> [Exercise details]: Using the listing below, report how many lines contain the word "nonzero" and give no other words.

> [Available records]:
=== Begin Enclosure ===

(* Let $B^\star\in\mathbb R^{p\times q}$ have all its nonzero entries in $S_u\times S_v$, where $S_u\subseteq[p]$, $S_v\subseteq[q]$, $|S_u|=s_u$, $|S_v|=s_v$, and assume $n>\max\{s_u,s_v\}$. Assume $\sigma_{\min}((\widehat\Sigma_X)_{S_uS_u})>0$, $\sigma_{\min}((\widehat\Sigma_Y)_{S_vS_v})>0$, and, writing $G=\widehat\Sigma_{XY}-\widehat\Sigma_XB^\star\widehat\Sigma_Y$, $$\frac{\|G\|_\infty}{\rho}+\frac{2(\|G\|_\infty+\rho)}{\rho}\cdot\frac{\widehat\tau(X,Y)\sqrt{s_us_v}}{\sigma_{\min}((\widehat\Sigma_X)_{S_uS_u})\,\sigma_{\min}((\widehat\Sigma_Y)_{S_vS_v})}\le 1,$$ where $$\widehat\tau(X,Y)=\max\Big\{\|(\widehat\Sigma_X)_{S_u^cS_u}\|_{2,\infty}\|(\widehat\Sigma_Y)_{S_v^cS_v}\|_{2,\infty},\ \|(\widehat\Sigma_X)_{S_u^cS_u}\|_{2,\infty}\|(\widehat\Sigma_Y)_{S_vS_v}\|_{op},\ \|(\widehat\Sigma_X)_{S_uS_u}\|_{op}\|(\widehat\Sigma_Y)_{S_v^cS_v}\|_{2,\infty}\Big\}.$$ Then the problem $\min_{B\in\mathbb R^{p\times q}}\tfrac12\|\tfrac1nXBY^\top-I_n\|_F^2+\rho\sum_{i,j}|B_{ij}|$ has a unique minimizer $\widehat B$, and every nonzero entry $\widehat B_{ij}$ satisfies $(i,j)\in S_u\times S_v$.
   Context: $X\in\mathbb R^{n\times p}$, $Y\in\mathbb R^{n\times q}$ are data matrices, $\widehat\Sigma_X=X^\top X/n$, $\widehat\Sigma_Y=Y^\top Y/n$, $\widehat\Sigma_{XY}=X^\top Y/n$, $\rho>0$. In the paper's application $S_u,S_v$ are the sets of nonzero rows of $U^\star,V^\star$ and $B^\star=U^\star\Lambda^\star V^{\star\top}$. For index sets $S_1,S_2$, $A_{S_1S_2}$ is the submatrix with rows in $S_1$ and columns in $S_2$; $S^c$ is the complement. $\|A\|_\infty=\max_{i,j}|A_{ij}|$, $\|A\|_{2,\infty}$ is the maximum Euclidean norm of a row of $A$, $\|A\|_{op}$ the largest singular value, $\sigma_{\min}$ the smallest singular value. *)

theory Defs
  imports "HOL-Analysis.Analysis"
begin

text \<open>Matrices are Cartesian-product types: a p x q real matrix is real^'q^'p
  (row i is A $ i, entry (i,j) is A $ i $ j).\<close>

definition max_abs :: "real^'c^'r \<Rightarrow> real" where
  "max_abs A = Max {\<bar>A $ i $ j\<bar> | i j. True}"

definition l1_entries :: "real^'c^'r \<Rightarrow> real" where
  "l1_entries A = (\<Sum>i\<in>UNIV. \<Sum>j\<in>UNIV. \<bar>A $ i $ j\<bar>)"

definition frob_sq :: "real^'c^'r \<Rightarrow> real" where
  "frob_sq A = (\<Sum>i\<in>UNIV. \<Sum>j\<in>UNIV. (A $ i $ j)^2)"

=== End Enclosure ===

> [Task result]: 2